Unnamed: 0,song,artist
1234,m.A.A.d city,Kendrick Lamar
1836,All The Stars (with SZA),Kendrick Lamar
1898,LOVE. FEAT. ZACARI.,Kendrick Lamar
1750,DNA.,Kendrick Lamar
1739,HUMBLE.,Kendrick Lamar
693,Welcome to the Black Parade,My Chemical Romance
719,Stronger,Kanye West


## Conclusion

In this project, I embarked on the journey of creating a music recommendation system using Python and the Top Spotify Hits from the last two decades. The main objective was to harness the power of data analytics and machine learning to build a system that can suggest songs based on user preferences. By delving into the dataset provided by Spotify, which encompasses a diverse array of songs spanning across 125 different genres, I gained valuable insights into the intricacies of data preprocessing, feature extraction, and similarity analysis.

Throughout this project, I learned about the significance of data preprocessing in ensuring the accuracy of the recommendation system. Handling missing values, normalizing data, and selecting relevant features were crucial steps in this process. Moreover, I discovered the importance of optimizing the system's performance by fine-tuning parameters and incorporating relevant metrics.
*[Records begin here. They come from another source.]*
text \<open>Counting the \<open>(n+1)\<close>-simplices through an \<open>n\<close>-simplex \<open>\<tau>\<close> ball by ball: a ball \<open>v * K\<close>
  with \<open>v \<in> \<tau>\<close> contributes the star of \<open>\<tau> - {v}\<close> in the sphere \<open>K\<close>, even by induction, and the
  balls with \<open>v \<notin> \<tau>\<close> contribute one simplex each whenever \<open>\<tau> \<in> K\<close>, which happens for
  exactly two balls.\<close>

lemma even_card_Star_facet_step:
  fixes L :: "'a set set"
  assumes L: "colex (Suc n) L" and \<tau>: "card \<tau> = Suc n"
    and IH: "\<And>(K :: 'a set set) \<rho>. colex n K \<Longrightarrow> realtop K homeomorphic_space nsphere n \<Longrightarrow>
               finite \<rho> \<Longrightarrow> card \<rho> = n \<Longrightarrow> even (card (Star K n \<rho>))"
  shows "even (card (Star L (Suc n) \<tau>))"
proof -
  from L obtain Bs where fin: "finite Bs"
    and B: "\<forall>(v,K)\<in>Bs. colex n K \<and> (realtop K homeomorphic_space nsphere n) \<and>
                    v \<notin> vertices K \<and> cone v K n \<subseteq> simplices L (Suc n)"
    and disj: "\<forall>b1\<in>Bs. \<forall>b2\<in>Bs. b1 \<noteq> b2 \<longrightarrow>
             cone (fst b1) (snd b1) n \<inter> cone (fst b2) (snd b2) n = {}"
    and U: "(\<Union>(v,K)\<in>Bs. cone v K n) = simplices L (Suc n)"
    and two: "\<forall>(v,K)\<in>Bs. \<forall>\<sigma>\<in>simplices K n. card {b\<in>Bs. \<sigma> \<in> simplices (snd b) n} = 2"
    by (auto simp only: colex.simps)
  define X where "X b = {\<sigma>\<in>cone (fst b) (snd b) n. \<tau> \<subseteq> \<sigma>}" for b
  define e where "e b = (if fst b \<in> \<tau> then card (Star (snd b) n (\<tau> - {fst b})) else 0)" for b
  have "Star L (Suc n) \<tau> = (\<Union>b\<in>Bs. X b)"
    using U unfolding X_def Star_def by (auto simp: case_prod_beta)
  moreover have "finite (X b)" if "b \<in> Bs" for b
    using B that colex_finite[of n "snd b"] by (auto simp: X_def cone_def simplices_def)
  moreover have "X b1 \<inter> X b2 = {}" if "b1 \<in> Bs" "b2 \<in> Bs" "b1 \<noteq> b2" for b1 b2
    using disj that unfolding X_def by blast
  ultimately have "card (Star L (Suc n) \<tau>) = (\<Sum>b\<in>Bs. card (X b))"
    using fin by (simp add: card_UN_disjoint)
  also have "\<dots> = (\<Sum>b\<in>Bs. e b) + card {b\<in>Bs. \<tau> \<in> simplices (snd b) n}"
  proof -
    have "card (X b) = e b + (if \<tau> \<in> simplices (snd b) n then 1 else 0)" if "b \<in> Bs" for b
      using B that card_cone_supsets[of "fst b" "snd b" \<tau> n] \<tau> by (auto simp: X_def e_def)
    then show ?thesis
      using fin by (simp add: sum.distrib sum.If_cases Int_def)
  qed
  finally have card_Star: "card (Star L (Suc n) \<tau>) = (\<Sum>b\<in>Bs. e b) + card {b\<in>Bs. \<tau> \<in> simplices (snd b) n}" .
  have "even (e b)" if "b \<in> Bs" for b
    using B that IH[of "snd b" "\<tau> - {fst b}"] \<tau> by (auto simp: e_def card_ge_0_finite)
  moreover have "even (card {b\<in>Bs. \<tau> \<in> simplices (snd b) n})"
  proof (cases "{b\<in>Bs. \<tau> \<in> simplices (snd b) n} = {}")
    case False
    then obtain b where "b \<in> Bs" "\<tau> \<in> simplices (snd b) n"
      by blast
    then show ?thesis
      using two by (cases b) fastforce
  qed (simp only: card.empty even_zero)
  ultimately show ?thesis
    using card_Star by (simp add: dvd_sum)
qed

lemma even_card_Star_facet:
  fixes L :: "'a set set"
  shows "colex (Suc m) L \<Longrightarrow> finite \<tau> \<Longrightarrow> card \<tau> = Suc m \<Longrightarrow> even (card (Star L (Suc m) \<tau>))"
proof (induction m arbitrary: L \<tau>)
  case 0
  show ?case
  proof (rule even_card_Star_facet_step[OF 0(1,3)])
    fix K :: "'a set set" and \<rho> :: "'a set"
    assume K: "colex 0 K" "realtop K homeomorphic_space nsphere 0" and "finite \<rho>" "card \<rho> = 0"
    then have "Star K 0 \<rho> = K"
      using K(1) by (auto simp: Star_def simplices_def)
    then show "even (card (Star K 0 \<rho>))"
      using card_colex_0_sphere[OF K] by simp
  qed
next
  case (Suc m)
  show ?case
    by (rule even_card_Star_facet_step[OF Suc.prems(1,3)]) (use Suc.IH in blast)
qed

lemma card_drop_colour:
  assumes L: "simplicial_complex L" and col: "proper_coloring L (Suc d) col"
    and \<sigma>: "\<sigma> \<in> simplices L d" and "c < Suc d"
  shows "finite {x\<in>\<sigma>. col x \<noteq> c}" "card {x\<in>\<sigma>. col x \<noteq> c} = d"
proof -
  have "c \<in> col ` \<sigma>"
    using proper_coloring_top_simplex[OF L col \<sigma>] \<open>c < Suc d\<close> by simp
  then obtain x where x: "x \<in> \<sigma>" "col x = c"
    by blast
  have "col y \<noteq> c" if "y \<in> \<sigma>" "y \<noteq> x" for y
    using inj_onD[OF proper_coloring_inj_on[OF L col simplicesD(1)[OF \<sigma>]] _ that(1) x(1)] that(2) x(2)
    by metis
  then have "{x\<in>\<sigma>. col x \<noteq> c} = \<sigma> - {x}"
    using x by auto
  then show "finite {x\<in>\<sigma>. col x \<noteq> c}" "card {x\<in>\<sigma>. col x \<noteq> c} = d"
    using x(1) simplicesD(2,3)[OF \<sigma>] by simp_all
qed

lemma card_Star_eq_sum_facets:
  assumes L: "simplicial_complex L" and col: "proper_coloring L (Suc d) col"
    and c: "c < Suc d" "c \<notin> col ` \<tau>"
  shows "card (Star L d \<tau>) = (\<Sum>\<rho>\<in>(\<lambda>\<sigma>. {x\<in>\<sigma>. col x \<noteq> c}) ` Star L d \<tau>. card (Star L d \<rho>))"
proof -
  define facet where "facet \<sigma> = {x\<in>\<sigma>. col x \<noteq> c}" for \<sigma>
  have facet: "finite (facet \<sigma>)" "card (facet \<sigma>) = d" if \<sigma>: "\<sigma> \<in> simplices L d" for \<sigma>
    unfolding facet_def using card_drop_colour[OF L col \<sigma> c(1)] by simp_all
  have fiber: "{\<sigma>\<in>Star L d \<tau>. facet \<sigma> = \<rho>} = Star L d \<rho>" if \<rho>: "\<rho> \<in> facet ` Star L d \<tau>" for \<rho>
  proof -
    obtain \<sigma>\<^sub>0 where \<sigma>\<^sub>0: "\<sigma>\<^sub>0 \<in> simplices L d" "\<tau> \<subseteq> \<sigma>\<^sub>0" "\<rho> = facet \<sigma>\<^sub>0"
      using \<rho> unfolding Star_def by blast
    have "\<tau> \<subseteq> \<rho>"
      using \<sigma>\<^sub>0(2,3) c(2) unfolding facet_def by blast
    have "facet \<sigma> = \<rho>" if \<sigma>: "\<sigma> \<in> simplices L d" "\<rho> \<subseteq> \<sigma>" for \<sigma>
    proof -
      have "\<rho> \<subseteq> facet \<sigma>"
        using \<sigma>(2) \<sigma>\<^sub>0(3) unfolding facet_def by blast
      then show ?thesis
        using card_subset_eq[OF facet(1)[OF \<sigma>(1)]] facet(2)[OF \<sigma>(1)] facet(2)[OF \<sigma>\<^sub>0(1)] \<sigma>\<^sub>0(3)
        by metis
    qed
    moreover have "facet \<sigma> \<subseteq> \<sigma>" for \<sigma>
      unfolding facet_def by blast
    ultimately show ?thesis
      using \<open>\<tau> \<subseteq> \<rho>\<close> unfolding Star_def by blast
  qed
  have "finite (Star L d \<tau>)"
    using L by (simp add: finite_Star simplicial_complex_def)
  then have "card (Star L d \<tau>) = (\<Sum>\<rho>\<in>facet ` Star L d \<tau>. card {\<sigma>\<in>Star L d \<tau>. facet \<sigma> = \<rho>})"
    using sum.group[of "Star L d \<tau>" "facet ` Star L d \<tau>" facet "\<lambda>_. 1 :: nat"] by simp
  also have "\<dots> = (\<Sum>\<rho>\<in>facet ` Star L d \<tau>. card (Star L d \<rho>))"
    using fiber by simp
  finally show ?thesis
    unfolding facet_def .
qed

lemma even_card_Star:
  assumes L: "colex d L" and "0 < d" and \<tau>: "finite \<tau>" "card \<tau> \<le> d"
  shows "even (card (Star L d \<tau>))"
proof -
  obtain d' where d: "d = Suc d'"
    using \<open>0 < d\<close> gr0_implies_Suc by blast
  have sc: "simplicial_complex L"
    using L d by simp
  have "\<exists>col. proper_coloring L (Suc d) col"
    using L unfolding d colex.simps by (elim conjE) assumption
  then obtain col where col: "proper_coloring L (Suc d) col" ..
  have "card (col ` \<tau>) < card {..<Suc d}"
    using card_image_le[OF \<tau>(1), of col] \<tau>(2) by simp
  then have "\<not> {..<Suc d} \<subseteq> col ` \<tau>"
    using card_mono[OF finite_imageI[OF \<tau>(1)]] leD by blast
  then obtain c where c: "c < Suc d" "c \<notin> col ` \<tau>"
    by blast
  have "even (card (Star L d \<rho>))" if \<rho>: "\<rho> \<in> (\<lambda>\<sigma>. {x\<in>\<sigma>. col x \<noteq> c}) ` Star L d \<tau>" for \<rho>
  proof -
    obtain \<sigma> where "\<sigma> \<in> simplices L d" "\<rho> = {x\<in>\<sigma>. col x \<noteq> c}"
      using \<rho> unfolding Star_def by blast
    then show ?thesis
      using card_drop_colour[OF sc col _ c(1)] even_card_Star_facet[of d' L \<rho>] L d by simp
  qed
  then show ?thesis
    using card_Star_eq_sum_facets[OF sc col c] by (simp add: dvd_sum)
qed

section \<open>Links and cones\<close>

lemma Link_top_eq:
  assumes L: "simplicial_complex L" and b: "b \<in> simplices L m" and d: "Suc (m + n) = d"
  shows "Link L d n b = (\<lambda>\<sigma>. \<sigma> - b) ` Star L d b"
proof (intro equalityI subsetI)
  fix \<tau> assume "\<tau> \<in> Link L d n b"
  then obtain \<sigma> where \<tau>: "\<tau> \<in> simplices L n" "\<tau> \<inter> b = {}"
    and \<sigma>: "\<sigma> \<in> simplices L d" "b \<union> \<tau> \<subseteq> \<sigma>"
    unfolding Link_def by blast
  have "card (b \<union> \<tau>) = card \<sigma>"
    using card_Un_disjoint[OF simplicesD(3)[OF b] simplicesD(3)[OF \<tau>(1)]] \<tau>(2)
      simplicesD(2)[OF b] simplicesD(2)[OF \<tau>(1)] simplicesD(2)[OF \<sigma>(1)] d
    by (simp add: Int_commute)
  then have "\<sigma> = b \<union> \<tau>"
    using card_subset_eq[OF simplicesD(3)[OF \<sigma>(1)] \<sigma>(2)] by simp
  then show "\<tau> \<in> (\<lambda>\<sigma>. \<sigma> - b) ` Star L d b"
    using \<sigma>(1) \<tau>(2) by (auto simp: Star_def)
next
  fix \<tau> assume "\<tau> \<in> (\<lambda>\<sigma>. \<sigma> - b) ` Star L d b"
  then obtain \<sigma> where \<sigma>: "\<sigma> \<in> simplices L d" "b \<subseteq> \<sigma>" and \<tau>: "\<tau> = \<sigma> - b"
    unfolding Star_def by blast
  have "card \<tau> = Suc n"
    using card_Diff_subset[OF simplicesD(3)[OF b] \<sigma>(2)] simplicesD(2)[OF b] simplicesD(2)[OF \<sigma>(1)] \<tau> d
    by simp
  moreover have "\<tau> \<in> L"
  proof -
    have "\<tau> \<noteq> {}"
      using \<open>card \<tau> = Suc n\<close> by auto
    then show ?thesis
      using simplicial_complex_face[OF L simplicesD(1)[OF \<sigma>(1)], of \<tau>] \<tau> by blast
  qed
  ultimately show "\<tau> \<in> Link L d n b"
    using \<sigma> \<tau> by (auto simp: Link_def simplices_def)
qed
In closing, this project not only provided me with practical experience in data analysis and machine learning but also highlighted the potential of recommendation systems in personalizing user experiences. The process of creating a music recommendation system deepened my understanding of data manipulation, feature engineering, and similarity calculations. As the world of data continues to evolve, such projects exemplify the exciting possibilities that arise from merging technology with everyday interests like music.